Note: Incidence rates available for 1982–2012, and mortality rates available for 1968–2013.
Source: Australian Institute of Health and Welfare, (see source table 2).
In 2008–2012 in Australia, individuals diagnosed with leukaemia had a 58% chance of surviving for 5 years compared to their counterparts in the general Australian population.
Between 1983–1987 and 2008–2012, 5-year relative survival from leukaemia improved from 38% to 58%.
Source: AIHW analysis of the Australian Cancer Database, (see source table 3).
The prevalence for 1, 5 and 29 years given below are the number of people living with leukaemia at the end of 2010 who had been diagnosed in the preceding 1, 5 and 29 years respectively.
At the end of 2010, there were 2,570 people living who had been diagnosed with leukaemia that year.
At the end of 2010, there were 9,606 people living who had been diagnosed with leukaemia in the previous 5 years (from 2006 to 2010).
At the end of 2010, there were 22,634 people living who had been diagnosed with leukaemia in the previous 29 years (from 1982 to 2010).
More information on leukaemia from Cancer Australia
Cancer, like other health conditions, is classified by the International Statistical Classification of Diseases and Related Health Problems Version 10 (ICD-10). This is a statistical classification, published by the World Health Organization, in which each morbid condition is assigned a unique code according to established criteria.
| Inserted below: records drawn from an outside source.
lemma ktree_card_low_verts:
  assumes "ktree k G" "2 \<le> k"
  shows "k + 1 \<le> card (low_verts k G) \<or> ktree_exceptional k G"
  using assms(1)
proof (induction rule: ktree.induct)
  case (base G)
  have "k - 1 + 2 = k + 1" "k - 1 + 1 = k"
    using assms(2) by simp_all
  then show ?case
    using card_verts_in_B[OF base.hyps(2)] low_verts_regular[OF dg_regular_in_B[OF base.hyps(1,2)]]
    by (auto simp: ktree_exceptional_def)
next
  case (direct V1 A1 V2 A2 v1 v2 e)
  have "dg_wf (V1, A1)" "dg_wf (V2, A2)"
    using direct.hyps(1,2) by (simp_all add: ktree_dg_wf)
  from card_low_verts_direct_comp[OF this direct.hyps(3-6) _ direct.IH] assms(2)
  show ?case
    by simp
next
  case (cyclic l Vs As vs G)
  then show ?case
    using card_low_verts_cyclic_comp_ge[of l k Vs As vs] assms(2) by simp
qed

theorem mainTheorem4:
  fixes k :: nat and G :: "'a digraph"
  assumes "k \<ge> 2" and "ktree k G"
  shows "(\<forall>v\<in>verts G. mindeg G v \<ge> k - 1) \<and>
         (card {v\<in>verts G. mindeg G v = k - 1} \<ge> k + 1 \<or>
          dg_iso G (symK k) \<or>
          (k = 2 \<and> (\<exists>n. odd n \<and> dg_iso G (sympath n))))"
  using ktree_mindeg_ge[OF assms(2)] ktree_card_low_verts[OF assms(2,1)]
  by (simp add: low_verts_def ktree_exceptional_def)

end
(* Let $\mathcal{P}\subseteq\mathbb{Z}_{\geq0}$, working with formal power series over a commutative ring $R\supseteq\mathbb{Q}$. Then $$\Xi^{\mathrm{CYC},\mathcal{P}}(z)=z\, e_{\mathcal{P}-1}\big(T^{\mathcal{P}}(z)\big)\,F^{\mathcal{P}}(z)^2.$$
   Context: $[n]=\{1,\dots,n\}$. $e_\mathcal{P}(z)=\sum_{n\in\mathcal{P}}z^n/n!$, $\mathcal{P}-1=\{n-1:n\in\mathcal{P},n\ge1\}$. $T^\mathcal{P}(z)=\sum_t z^{|t|}/|t|!$ over labeled rooted trees $t$ (trees on vertex set $[|t|]$ with a distinguished root) in which every vertex has a number of children in $\mathcal{P}$. Let $\mathcal{F}_n$ be the functions $f:[n]\to[n]$ with $|f^{-1}(x)|\in\mathcal{P}$ for all $x$ ($\mathcal{F}_0$ = empty function), $F^\mathcal{P}(z)=\sum_n|\mathcal{F}_n|z^n/n!$, $F^{\mathrm{CYC},\mathcal{P}}(u,z)=\sum_n\frac{z^n}{n!}\sum_{f\in\mathcal{F}_n}u^{\mathrm{cyc}(f)}$ with $\mathrm{cyc}(f)=\#\{x: f^j(x)=x\text{ for some }j\ge1\}$, and $\Xi^{\mathrm{CYC},\mathcal{P}}(z)=\big(\partial_uF^{\mathrm{CYC},\mathcal{P}}(u,z)\big)|_{u=1}$. *)

theory Defs
  imports "HOL-Computational_Algebra.Polynomial" "HOL-Computational_Algebra.Formal_Power_Series"
    "HOL-Library.FuncSet"
begin

definition expP :: "nat set \<Rightarrow> 'a::field_char_0 fps" where
  "expP P = Abs_fps (\<lambda>n. if n \<in> P then 1 / fact n else 0)"

definition shiftP :: "nat set \<Rightarrow> nat set" where
  "shiftP P = {m. \<exists>n\<in>P. n \<ge> 1 \<and> m = n - 1}"

text \<open>Labeled rooted trees on vertex set [n], encoded by root r and parent map p
  (defined on [n] minus the root), such that every vertex reaches the root.\<close>
definition ptrees :: "nat set \<Rightarrow> nat \<Rightarrow> (nat \<times> (nat \<Rightarrow> nat)) set" where
  "ptrees P n = {(r, p). r \<in> {1..n} \<and> p \<in> ({1..n} - {r}) \<rightarrow>\<^sub>E {1..n}
      \<and> (\<forall>x\<in>{1..n}. \<exists>k. (p ^^ k) x = r)
      \<and> (\<forall>x\<in>{1..n}. card {y \<in> {1..n} - {r}. p y = x} \<in> P)}"

definition treeGF :: "nat set \<Rightarrow> 'a::field_char_0 fps" where
  "treeGF P = Abs_fps (\<lambda>n. of_nat (card (ptrees P n)) / fact n)"

definition pfuns :: "nat set \<Rightarrow> nat \<Rightarrow> (nat \<Rightarrow> nat) set" where
  "pfuns P n = {f \<in> {1..n} \<rightarrow>\<^sub>E {1..n}. \<forall>x\<in>{1..n}. card {y \<in> {1..n}. f y = x} \<in> P}"

definition funGF :: "nat set \<Rightarrow> 'a::field_char_0 fps" where
  "funGF P = Abs_fps (\<lambda>n. of_nat (card (pfuns P n)) / fact n)"

definition cyc :: "nat \<Rightarrow> (nat \<Rightarrow> nat) \<Rightarrow> nat" where
  "cyc n f = card {x \<in> {1..n}. \<exists>j\<ge>1. (f ^^ j) x = x}"

text \<open>Bivariate series F^{CYC,P}(u,z): power series in z with polynomial (in u) coefficients.\<close>
definition funCycGF :: "nat set \<Rightarrow> 'a::field_char_0 poly fps" where
  "funCycGF P = Abs_fps (\<lambda>n. smult (1 / fact n) (\<Sum>f\<in>pfuns P n. monom 1 (cyc n f)))"

definition XiCyc :: "nat set \<Rightarrow> 'a::field_char_0 fps" where
  "XiCyc P = Abs_fps (\<lambda>n. poly (pderiv (fps_nth (funCycGF P) n)) 1)"

end

theory Submission
  imports Defs "HOL-Combinatorics.Permutations"
begin

text \<open>A function \<open>f\<close> on \<open>[n]\<close> is the same as its set \<open>Z\<close> of cyclic points, the permutation
  it induces on \<open>Z\<close>, and the forest formed by its remaining arrows, whose roots are the points
  of \<open>Z\<close>. The fibre condition on \<open>f\<close> says that in this forest every root has a number of
  children in \<open>P - 1\<close> (one preimage of a root lies on its cycle) and every other vertex a number
  in \<open>P\<close>. The EGF of trees of this kind is \<open>R = z e\<^sub>P\<^sub>-\<^sub>1(T)\<close>. Splitting off one tree
  at a time shows that the forests on \<open>[n]\<close> with a fixed set of \<open>k\<close> roots are counted by
  \<open>(n - k)! [z\<^sup>n] R\<^sup>k\<close>; summing over the \<open>k!\<close> permutations and the choices of \<open>Z\<close> gives
  \<open>F = \<Sum>\<^sub>k R\<^sup>k = 1/(1 - R)\<close>, and weighting by \<open>k = cyc f\<close> gives
  \<open>\<Xi> = \<Sum>\<^sub>k k R\<^sup>k = R/(1 - R)\<^sup>2 = R F\<^sup>2\<close>.\<close>

section \<open>Descending to a root\<close>

inductive reach :: "('a \<Rightarrow> 'a) \<Rightarrow> 'a set \<Rightarrow> 'a \<Rightarrow> 'a \<Rightarrow> bool" for p Z where
  reach_root: "x \<in> Z \<Longrightarrow> reach p Z x x"
| reach_parent: "x \<notin> Z \<Longrightarrow> reach p Z (p x) r \<Longrightarrow> reach p Z x r"

lemma reach_root_in: "reach p Z x r \<Longrightarrow> r \<in> Z"
  by (induction rule: reach.induct) auto

lemma reach_root_iff: "x \<in> Z \<Longrightarrow> reach p Z x r \<longleftrightarrow> r = x"
  by (auto elim: reach.cases intro: reach_root)

lemma reach_parent_iff: "x \<notin> Z \<Longrightarrow> reach p Z x r \<longleftrightarrow> reach p Z (p x) r"
  by (auto elim: reach.cases intro: reach_parent)

lemma reach_unique: "reach p Z x r \<Longrightarrow> reach p Z x r' \<Longrightarrow> r = r'"
  by (induction arbitrary: r' rule: reach.induct) (auto simp: reach_root_iff reach_parent_iff)

lemma reach_cong:
  assumes "reach p Z x r" "x \<in> A" "\<forall>y\<in>A - Z. p y \<in> A \<and> q y = p y" "A \<inter> Z' = A \<inter> Z"
  shows "reach q Z' x r"
  using assms by (induction rule: reach.induct) (auto intro: reach_root reach_parent)

lemma reach_map:
  assumes "reach p Z x r" "x \<in> A" "\<forall>y\<in>A - Z. p y \<in> A \<and> q (h y) = h (p y)"
    "\<forall>y\<in>A. h y \<in> Z' \<longleftrightarrow> y \<in> Z"
  shows "reach q Z' (h x) (h r)"
  using assms by (induction rule: reach.induct) (auto intro: reach_root reach_parent)

lemma reach_imp_funpow: "reach p Z x r \<Longrightarrow> \<exists>k. (p ^^ k) x = r"
proof (induction rule: reach.induct)
  case (reach_root x)
  show ?case by (rule exI[of _ 0]) simp
next
  case (reach_parent x r)
  then obtain k where "(p ^^ k) (p x) = r" by blast
  then have "(p ^^ Suc k) x = r" by (simp add: funpow_swap1)
  then show ?case by blast
qed

lemma funpow_in_imp_reach: "(p ^^ k) x \<in> Z \<Longrightarrow> \<exists>r. reach p Z x r"
proof (induction k arbitrary: x)
  case 0
  then show ?case by (auto intro: reach_root)
next
  case (Suc k)
  show ?case
  proof (cases "x \<in> Z")
    case False
    have "(p ^^ k) (p x) \<in> Z" using Suc.prems by (simp add: funpow_swap1)
    with Suc.IH False show ?thesis by (auto intro: reach_parent)
  qed (auto intro: reach_root)
qed

lemma reach_singleton_iff_funpow: "reach p {r} x r \<longleftrightarrow> (\<exists>k. (p ^^ k) x = r)"
proof
  assume "\<exists>k. (p ^^ k) x = r"
  then obtain r' where "reach p {r} x r'" using funpow_in_imp_reach[where Z = "{r}"] by blast
  then show "reach p {r} x r" using reach_root_in by fastforce
qed (rule reach_imp_funpow)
Future estimates for incidence and mortality are a mathematical extrapolation of past trends. They assume that the most recent trends will continue into the future, and are intended to illustrate future changes that might reasonably be expected to occur if the stated assumptions continue to apply over the estimated period. Actual future cancer incidence and mortality rates may vary from these estimations for a variety of factors. New screening programs may increase the detection of new cancer cases; new vaccination programs may decrease the risk of developing cancer; and improvements in treatment options may decrease mortality rates.
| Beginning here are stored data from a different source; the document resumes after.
lemma cycle_walk:
  assumes u: "locally_injective G l" and m: "morphism (cyc p) G c0 c1" and lV: "length V = p"
    and lab: "\<And>i. i < p \<Longrightarrow> l (c1 (i, True)) = V ! i"
  shows "n \<le> p \<Longrightarrow> walkable G l (c0 0) (take n V) \<and> walk G l (c0 0) (take n V) = c0 (n mod p)"
proof (induction n)
  case 0 then show ?case by simp
next
  case (Suc n)
  then have IH: "walkable G l (c0 0) (take n V)" "walk G l (c0 0) (take n V) = c0 n" by auto
  have np: "n < p" using Suc by simp
  have tk: "take (Suc n) V = take n V @ [V ! n]" using np lV by (simp add: take_Suc_conv_app_nth)
  have e: "c1 (n, True) \<in> harcs G" "src G (c1 (n, True)) = c0 n" "tgt G (c1 (n, True)) = c0 (Suc n mod p)"
    using m np unfolding morphism_def by auto
  have label_arc: "label_arc G l (c0 n) (V ! n) = c1 (n, True)" using label_arc_eq[OF u e(1) e(2)] lab np by simp
  show ?case unfolding tk using IH e lab np
    by (auto simp: walkable_snoc label_step_def label_arc)
qed

lemma cycle_eqI:
  assumes wfG: "wf_graph G" and uG: "locally_injective G l" and p1: "p \<ge> 1" and lV: "length V = p"
    and c: "(c0, c1) \<in> p_cycles p G" and lab: "\<And>i. i < p \<Longrightarrow> l (c1 (i, True)) = V ! i"
    and c': "(c0', c1') \<in> p_cycles p G" and lab': "\<And>i. i < p \<Longrightarrow> l (c1' (i, True)) = V ! i"
    and st: "c0 0 = c0' 0"
  shows "(c0, c1) = (c0', c1')"
proof -
  have m: "morphism (cyc p) G c0 c1" and m': "morphism (cyc p) G c0' c1'"
    and ex: "c0 \<in> extensional {0..<p}" "c1 \<in> extensional ({0..<p} \<times> UNIV)"
    "c0' \<in> extensional {0..<p}" "c1' \<in> extensional ({0..<p} \<times> UNIV)"
    using c c' unfolding p_cycles_def by auto
  have n0: "c0 n = c0' n" if n: "n < p" for n
  proof -
    have "walk G l (c0 0) (take n V) = c0 n" using cycle_walk[OF uG m lV lab, of n] n by simp
    moreover have "walk G l (c0' 0) (take n V) = c0' n" using cycle_walk[OF uG m' lV lab', of n] n by simp
    ultimately show ?thesis using st by simp
  qed
  have mu: "\<forall>u\<in>harcs (cyc p). c1 u \<in> harcs G \<and> src G (c1 u) = c0 (src (cyc p) u) \<and> inv G (c1 u) = c1 (inv (cyc p) u)"
    using m unfolding morphism_def by blast
  have mu': "\<forall>u\<in>harcs (cyc p). c1' u \<in> harcs G \<and> src G (c1' u) = c0' (src (cyc p) u) \<and> inv G (c1' u) = c1' (inv (cyc p) u)"
    using m' unfolding morphism_def by blast
  have nT: "c1 (n, True) = c1' (n, True)" if n: "n < p" for n
  proof -
    have a: "(n, True) \<in> harcs (cyc p)" using n by simp
    have "label_arc G l (c0 n) (V ! n) = c1 (n, True)" using label_arc_eq[OF uG] mu[rule_format, OF a] lab[OF n] by simp
    moreover have "label_arc G l (c0' n) (V ! n) = c1' (n, True)" using label_arc_eq[OF uG] mu'[rule_format, OF a] lab'[OF n] by simp
    ultimately show ?thesis using n0[OF n] by simp
  qed
  have n1: "c1 u = c1' u" if u: "u \<in> {0..<p} \<times> UNIV" for u
  proof -
    obtain n b where ub: "u = (n, b)" "n < p" using u by auto
    show ?thesis
    proof (cases b)
      case True then show ?thesis using nT ub by simp
    next
      case False
      have a: "(n, True) \<in> harcs (cyc p)" using ub by simp
      have "c1 (n, False) = inv G (c1 (n, True))" using mu[rule_format, OF a] by simp
      moreover have "c1' (n, False) = inv G (c1' (n, True))" using mu'[rule_format, OF a] by simp
      ultimately show ?thesis using nT[OF ub(2)] ub False by simp
    qed
  qed
  have "c0 = c0'" using n0 ex(1,3) by (intro extensionalityI) auto
  moreover have "c1 = c1'" using n1 ex(2,4) by (intro extensionalityI) auto
  ultimately show ?thesis by simp
qed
Due to the rounding of these estimates, male and female incidence and mortality may not sum to person incidence and mortality.
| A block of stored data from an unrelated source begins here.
(* Let $\mathcal D$ be universal, $\mathrm M=(M,d)\in\mathfrak U_{\mathcal D}$, $A\subseteq M$ finite, $s\in\mathbb N$, and for each $i\in\{0,\dots,s-1\}$ let $\mathfrak t_i$ be a Katětov function of $\mathrm M$ with domain $A$ (not necessarily distinct). Let $d''$ be a metric on the index set $\{0,\dots,s-1\}$ with $d''(i,j)\in d(\mathfrak t_i,\mathfrak t_j)$ for all $i,j$. Define $d'$ on the disjoint union $A\sqcup\{0,\dots,s-1\}$ by $d'(x,y)=d(x,y)$ for $x,y\in A$, $d'(i,j)=d''(i,j)$, and $d'(x,i)=d'(i,x)=\mathfrak t_i(x)$ for $x\in A$. Then $d'$ is a metric, and for every $C\subseteq\{0,\dots,s-1\}$, every isometric embedding $\beta$ of $(A\cup C,d')$ into $\mathrm M$ with $\beta(x)=x$ for all $x\in A$ extends to an isometric embedding $\alpha$ of $(A\cup\{0,\dots,s-1\},d')$ into $\mathrm M$ with $\alpha(i)\in\operatorname{orb}(\mathfrak t_i)$ for all $i$.
   Context: $\mathcal D$ is a finite subset of $\mathbb R_{\ge0}$ containing $0$. $\mathfrak U_{\mathcal D}$ is the class of countable homogeneous metric spaces (every isometry between finite subspaces extends to an isometry of the space onto itself) with distance set exactly $\mathcal D$ into which every finite metric space with distances in $\mathcal D$ embeds isometrically; $\mathcal D$ is universal if this class is nonempty. A Katětov function of $\mathrm M$ is a map $\mathfrak t:F\to\mathcal D\setminus\{0\}$, $F\subseteq M$ finite, with $|\mathfrak t(x)-\mathfrak t(y)|\le d(x,y)\le\mathfrak t(x)+\mathfrak t(y)$ for all $x,y\in F$; $\operatorname{orb}(\mathfrak t)=\{y\in M\setminus F: d(y,x)=\mathfrak t(x)\ \forall x\in F\}$. $d(\mathfrak s,\mathfrak t)=\{d(x,y):x\in\operatorname{orb}(\mathfrak s),y\in\operatorname{orb}(\mathfrak t)\}$. *)

theory Defs
  imports Complex_Main "HOL-Library.Countable_Set"
begin

definition metric_on :: "'a set \<Rightarrow> ('a \<Rightarrow> 'a \<Rightarrow> real) \<Rightarrow> bool" where
  "metric_on X e \<longleftrightarrow>
     (\<forall>x\<in>X. \<forall>y\<in>X. e x y \<ge> 0 \<and> (e x y = 0 \<longleftrightarrow> x = y) \<and> e x y = e y x) \<and>
     (\<forall>x\<in>X. \<forall>y\<in>X. \<forall>z\<in>X. e x z \<le> e x y + e y z)"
Cancer incidence indicates the number of new cancers diagnosed during a specified time period (usually one year).
Cancer mortality refers to the number of deaths occurring during a specified time period (usually one year) for which the underlying cause of death is cancer.
Prevalence of cancer refers to the number of people alive with a prior diagnosis of cancer at a given time. It is distinct from incidence (see above). The longest period for which it is possible to calculate prevalence using the available national data (from 1982 to 2010) is currently 29 years. This span is used to estimate the 'total' prevalence of cancer at the end of 2010, noting that people diagnosed with cancer before 1982 are not included.